- TASK DESCRIPTION
Return only the stretch of the material below that begins with the line containing "white_vertices F \<inter>" and ends with the line containing "(\<exists>fs. distinct fs", exactly; both of those lines belong to it.

- RECORD SET
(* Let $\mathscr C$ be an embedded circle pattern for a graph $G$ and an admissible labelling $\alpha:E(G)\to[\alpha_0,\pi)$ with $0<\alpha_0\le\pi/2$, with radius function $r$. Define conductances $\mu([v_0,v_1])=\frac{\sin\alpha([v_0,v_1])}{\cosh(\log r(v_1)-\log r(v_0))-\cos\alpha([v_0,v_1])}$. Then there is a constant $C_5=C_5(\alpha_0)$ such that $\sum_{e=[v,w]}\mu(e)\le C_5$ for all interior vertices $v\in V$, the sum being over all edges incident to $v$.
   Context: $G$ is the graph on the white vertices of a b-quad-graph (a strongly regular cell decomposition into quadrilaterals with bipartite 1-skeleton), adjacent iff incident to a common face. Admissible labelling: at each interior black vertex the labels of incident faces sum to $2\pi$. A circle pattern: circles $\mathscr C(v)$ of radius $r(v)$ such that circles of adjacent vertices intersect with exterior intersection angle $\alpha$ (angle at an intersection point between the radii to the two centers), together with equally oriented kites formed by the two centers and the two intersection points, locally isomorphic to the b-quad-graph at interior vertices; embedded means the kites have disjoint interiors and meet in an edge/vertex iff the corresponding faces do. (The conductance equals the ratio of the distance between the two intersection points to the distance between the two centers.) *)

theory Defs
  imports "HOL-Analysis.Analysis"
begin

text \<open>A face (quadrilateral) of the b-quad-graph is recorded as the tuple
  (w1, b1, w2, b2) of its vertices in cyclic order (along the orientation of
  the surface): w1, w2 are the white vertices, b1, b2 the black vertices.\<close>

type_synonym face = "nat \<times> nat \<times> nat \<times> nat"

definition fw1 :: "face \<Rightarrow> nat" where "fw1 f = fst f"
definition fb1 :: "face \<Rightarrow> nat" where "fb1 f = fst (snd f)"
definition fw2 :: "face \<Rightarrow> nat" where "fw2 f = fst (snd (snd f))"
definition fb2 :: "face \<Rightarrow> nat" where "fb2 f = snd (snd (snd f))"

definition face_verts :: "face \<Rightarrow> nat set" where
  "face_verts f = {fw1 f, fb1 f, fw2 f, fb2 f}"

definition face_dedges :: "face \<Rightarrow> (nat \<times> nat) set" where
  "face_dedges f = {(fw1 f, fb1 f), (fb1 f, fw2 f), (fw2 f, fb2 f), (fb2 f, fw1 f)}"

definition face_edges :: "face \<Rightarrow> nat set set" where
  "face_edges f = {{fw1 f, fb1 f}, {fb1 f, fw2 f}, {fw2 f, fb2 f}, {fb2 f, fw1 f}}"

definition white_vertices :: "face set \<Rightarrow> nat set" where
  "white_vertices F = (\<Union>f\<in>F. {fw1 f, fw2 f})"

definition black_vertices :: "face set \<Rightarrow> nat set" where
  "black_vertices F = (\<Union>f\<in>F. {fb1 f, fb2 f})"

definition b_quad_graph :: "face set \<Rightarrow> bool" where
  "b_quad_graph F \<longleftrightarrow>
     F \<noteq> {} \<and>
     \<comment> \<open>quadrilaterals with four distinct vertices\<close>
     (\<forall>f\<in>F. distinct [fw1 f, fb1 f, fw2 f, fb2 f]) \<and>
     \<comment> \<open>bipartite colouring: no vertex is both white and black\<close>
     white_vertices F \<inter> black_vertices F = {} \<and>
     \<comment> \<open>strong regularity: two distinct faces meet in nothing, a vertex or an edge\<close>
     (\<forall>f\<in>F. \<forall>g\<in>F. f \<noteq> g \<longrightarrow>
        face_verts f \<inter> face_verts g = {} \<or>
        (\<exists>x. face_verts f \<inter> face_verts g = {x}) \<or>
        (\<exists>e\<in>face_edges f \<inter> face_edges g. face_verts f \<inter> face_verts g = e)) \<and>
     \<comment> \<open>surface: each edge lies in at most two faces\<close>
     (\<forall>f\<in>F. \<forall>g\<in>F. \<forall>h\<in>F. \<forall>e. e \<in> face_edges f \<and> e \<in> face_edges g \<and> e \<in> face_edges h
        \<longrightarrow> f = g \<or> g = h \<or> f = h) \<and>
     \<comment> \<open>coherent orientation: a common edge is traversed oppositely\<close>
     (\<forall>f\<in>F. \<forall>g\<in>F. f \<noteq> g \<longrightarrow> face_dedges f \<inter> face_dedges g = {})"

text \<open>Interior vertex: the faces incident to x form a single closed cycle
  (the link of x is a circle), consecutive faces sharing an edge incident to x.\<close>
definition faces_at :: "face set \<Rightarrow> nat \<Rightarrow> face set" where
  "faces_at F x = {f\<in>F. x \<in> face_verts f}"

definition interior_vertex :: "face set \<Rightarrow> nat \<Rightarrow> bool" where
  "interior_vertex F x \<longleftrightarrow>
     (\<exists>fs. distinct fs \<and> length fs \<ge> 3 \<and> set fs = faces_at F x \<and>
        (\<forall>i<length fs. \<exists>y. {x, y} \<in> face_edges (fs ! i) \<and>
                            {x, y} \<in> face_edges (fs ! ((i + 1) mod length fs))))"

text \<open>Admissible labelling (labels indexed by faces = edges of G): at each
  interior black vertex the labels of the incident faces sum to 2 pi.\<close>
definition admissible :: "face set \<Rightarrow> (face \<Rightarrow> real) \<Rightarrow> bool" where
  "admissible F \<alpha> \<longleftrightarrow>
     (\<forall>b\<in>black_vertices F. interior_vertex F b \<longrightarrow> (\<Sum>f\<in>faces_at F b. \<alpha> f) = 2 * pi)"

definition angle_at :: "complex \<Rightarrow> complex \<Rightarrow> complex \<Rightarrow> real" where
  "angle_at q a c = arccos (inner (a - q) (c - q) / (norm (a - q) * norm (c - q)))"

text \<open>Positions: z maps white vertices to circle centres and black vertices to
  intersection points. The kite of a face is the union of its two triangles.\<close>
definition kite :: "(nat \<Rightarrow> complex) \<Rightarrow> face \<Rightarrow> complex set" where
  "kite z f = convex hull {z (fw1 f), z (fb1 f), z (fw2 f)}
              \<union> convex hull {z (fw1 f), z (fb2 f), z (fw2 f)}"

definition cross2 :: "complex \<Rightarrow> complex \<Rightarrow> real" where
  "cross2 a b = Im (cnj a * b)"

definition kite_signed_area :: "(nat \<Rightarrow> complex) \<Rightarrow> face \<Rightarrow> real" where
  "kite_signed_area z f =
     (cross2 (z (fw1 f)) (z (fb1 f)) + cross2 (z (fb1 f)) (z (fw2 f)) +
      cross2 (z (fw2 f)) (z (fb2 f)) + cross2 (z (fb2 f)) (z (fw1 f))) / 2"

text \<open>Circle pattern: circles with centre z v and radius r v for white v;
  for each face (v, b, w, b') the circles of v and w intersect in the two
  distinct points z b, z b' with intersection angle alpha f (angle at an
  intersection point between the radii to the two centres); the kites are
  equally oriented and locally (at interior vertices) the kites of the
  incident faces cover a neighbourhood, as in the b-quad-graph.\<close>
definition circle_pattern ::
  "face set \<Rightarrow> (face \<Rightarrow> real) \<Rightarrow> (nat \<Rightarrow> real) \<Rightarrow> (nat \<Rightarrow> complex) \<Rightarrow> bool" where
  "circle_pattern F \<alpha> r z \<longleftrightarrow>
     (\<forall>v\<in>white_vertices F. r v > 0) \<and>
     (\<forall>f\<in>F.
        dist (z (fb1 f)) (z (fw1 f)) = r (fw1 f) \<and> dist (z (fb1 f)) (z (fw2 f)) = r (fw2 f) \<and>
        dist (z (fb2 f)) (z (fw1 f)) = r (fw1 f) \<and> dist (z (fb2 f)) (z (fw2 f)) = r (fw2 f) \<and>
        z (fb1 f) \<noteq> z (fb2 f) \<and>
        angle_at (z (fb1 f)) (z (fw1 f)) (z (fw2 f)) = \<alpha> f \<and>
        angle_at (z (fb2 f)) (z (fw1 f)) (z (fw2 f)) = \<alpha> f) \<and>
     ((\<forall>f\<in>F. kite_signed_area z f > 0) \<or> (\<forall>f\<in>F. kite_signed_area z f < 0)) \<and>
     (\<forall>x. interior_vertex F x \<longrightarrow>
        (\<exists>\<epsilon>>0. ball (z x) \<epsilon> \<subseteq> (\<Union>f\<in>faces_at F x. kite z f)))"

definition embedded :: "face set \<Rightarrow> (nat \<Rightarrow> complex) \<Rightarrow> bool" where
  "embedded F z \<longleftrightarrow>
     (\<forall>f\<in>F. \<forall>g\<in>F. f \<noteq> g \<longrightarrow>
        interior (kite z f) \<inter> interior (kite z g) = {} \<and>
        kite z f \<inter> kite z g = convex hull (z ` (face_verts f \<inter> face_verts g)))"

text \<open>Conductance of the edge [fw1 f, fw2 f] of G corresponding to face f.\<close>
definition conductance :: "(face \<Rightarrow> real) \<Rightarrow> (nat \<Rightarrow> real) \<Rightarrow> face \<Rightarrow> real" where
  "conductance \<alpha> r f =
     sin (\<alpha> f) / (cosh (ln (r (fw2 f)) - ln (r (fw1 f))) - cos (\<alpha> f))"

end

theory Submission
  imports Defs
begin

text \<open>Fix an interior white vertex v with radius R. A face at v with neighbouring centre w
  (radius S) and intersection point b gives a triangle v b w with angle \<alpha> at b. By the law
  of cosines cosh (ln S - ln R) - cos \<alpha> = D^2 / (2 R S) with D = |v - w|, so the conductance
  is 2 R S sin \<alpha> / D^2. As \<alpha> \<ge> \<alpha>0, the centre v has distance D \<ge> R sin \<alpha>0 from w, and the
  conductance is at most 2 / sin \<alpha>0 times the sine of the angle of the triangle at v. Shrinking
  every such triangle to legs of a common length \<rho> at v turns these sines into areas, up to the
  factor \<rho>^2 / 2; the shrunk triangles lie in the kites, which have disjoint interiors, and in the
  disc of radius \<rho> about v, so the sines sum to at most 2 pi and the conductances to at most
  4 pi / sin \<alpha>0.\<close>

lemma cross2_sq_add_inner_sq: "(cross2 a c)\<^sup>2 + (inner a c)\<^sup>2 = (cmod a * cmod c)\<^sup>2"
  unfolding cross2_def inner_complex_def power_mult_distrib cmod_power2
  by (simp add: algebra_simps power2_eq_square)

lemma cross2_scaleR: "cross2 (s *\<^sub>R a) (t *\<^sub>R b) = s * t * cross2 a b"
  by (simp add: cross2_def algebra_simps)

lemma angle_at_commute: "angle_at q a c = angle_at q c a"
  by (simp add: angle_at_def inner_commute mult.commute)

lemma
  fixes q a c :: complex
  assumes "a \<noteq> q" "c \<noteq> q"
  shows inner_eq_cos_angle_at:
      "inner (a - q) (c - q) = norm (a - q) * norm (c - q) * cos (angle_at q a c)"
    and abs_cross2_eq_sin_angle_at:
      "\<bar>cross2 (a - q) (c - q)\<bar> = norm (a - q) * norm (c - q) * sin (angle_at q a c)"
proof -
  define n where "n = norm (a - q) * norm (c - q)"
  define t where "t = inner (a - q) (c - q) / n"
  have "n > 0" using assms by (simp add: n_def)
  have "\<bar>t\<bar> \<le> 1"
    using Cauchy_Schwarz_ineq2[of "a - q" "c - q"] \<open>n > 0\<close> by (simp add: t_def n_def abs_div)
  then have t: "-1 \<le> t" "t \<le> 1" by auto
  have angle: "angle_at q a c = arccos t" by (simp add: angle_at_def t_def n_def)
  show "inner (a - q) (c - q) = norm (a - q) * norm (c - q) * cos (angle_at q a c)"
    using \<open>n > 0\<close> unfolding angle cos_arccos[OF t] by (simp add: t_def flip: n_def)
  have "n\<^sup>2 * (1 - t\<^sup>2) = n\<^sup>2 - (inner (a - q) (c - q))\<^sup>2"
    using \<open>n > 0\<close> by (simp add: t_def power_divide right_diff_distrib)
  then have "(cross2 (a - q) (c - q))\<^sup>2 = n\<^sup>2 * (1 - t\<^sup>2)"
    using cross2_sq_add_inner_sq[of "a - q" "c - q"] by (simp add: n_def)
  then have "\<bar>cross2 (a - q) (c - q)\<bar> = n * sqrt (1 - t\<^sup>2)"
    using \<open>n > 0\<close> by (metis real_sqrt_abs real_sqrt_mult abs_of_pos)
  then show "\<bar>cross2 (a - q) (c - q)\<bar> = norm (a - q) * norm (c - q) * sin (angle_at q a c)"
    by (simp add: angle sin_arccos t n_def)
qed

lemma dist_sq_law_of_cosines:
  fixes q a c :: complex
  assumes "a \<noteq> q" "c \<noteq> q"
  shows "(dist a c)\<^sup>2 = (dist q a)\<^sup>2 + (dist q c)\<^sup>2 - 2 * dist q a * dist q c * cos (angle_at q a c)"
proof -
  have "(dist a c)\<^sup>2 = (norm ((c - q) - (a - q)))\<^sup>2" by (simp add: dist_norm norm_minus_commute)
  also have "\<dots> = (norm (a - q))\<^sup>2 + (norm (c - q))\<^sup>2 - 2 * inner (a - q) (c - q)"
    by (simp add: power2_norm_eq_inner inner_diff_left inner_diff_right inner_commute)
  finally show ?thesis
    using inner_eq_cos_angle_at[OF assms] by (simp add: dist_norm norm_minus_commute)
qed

- EXPECTED OUTPUT
     white_vertices F \<inter> black_vertices F = {} \<and>
     \<comment> \<open>strong regularity: two distinct faces meet in nothing, a vertex or an edge\<close>
     (\<forall>f\<in>F. \<forall>g\<in>F. f \<noteq> g \<longrightarrow>
        face_verts f \<inter> face_verts g = {} \<or>
        (\<exists>x. face_verts f \<inter> face_verts g = {x}) \<or>
        (\<exists>e\<in>face_edges f \<inter> face_edges g. face_verts f \<inter> face_verts g = e)) \<and>
     \<comment> \<open>surface: each edge lies in at most two faces\<close>
     (\<forall>f\<in>F. \<forall>g\<in>F. \<forall>h\<in>F. \<forall>e. e \<in> face_edges f \<and> e \<in> face_edges g \<and> e \<in> face_edges h
        \<longrightarrow> f = g \<or> g = h \<or> f = h) \<and>
     \<comment> \<open>coherent orientation: a common edge is traversed oppositely\<close>
     (\<forall>f\<in>F. \<forall>g\<in>F. f \<noteq> g \<longrightarrow> face_dedges f \<inter> face_dedges g = {})"

text \<open>Interior vertex: the faces incident to x form a single closed cycle
  (the link of x is a circle), consecutive faces sharing an edge incident to x.\<close>
definition faces_at :: "face set \<Rightarrow> nat \<Rightarrow> face set" where
  "faces_at F x = {f\<in>F. x \<in> face_verts f}"

definition interior_vertex :: "face set \<Rightarrow> nat \<Rightarrow> bool" where
  "interior_vertex F x \<longleftrightarrow>
     (\<exists>fs. distinct fs \<and> length fs \<ge> 3 \<and> set fs = faces_at F x \<and>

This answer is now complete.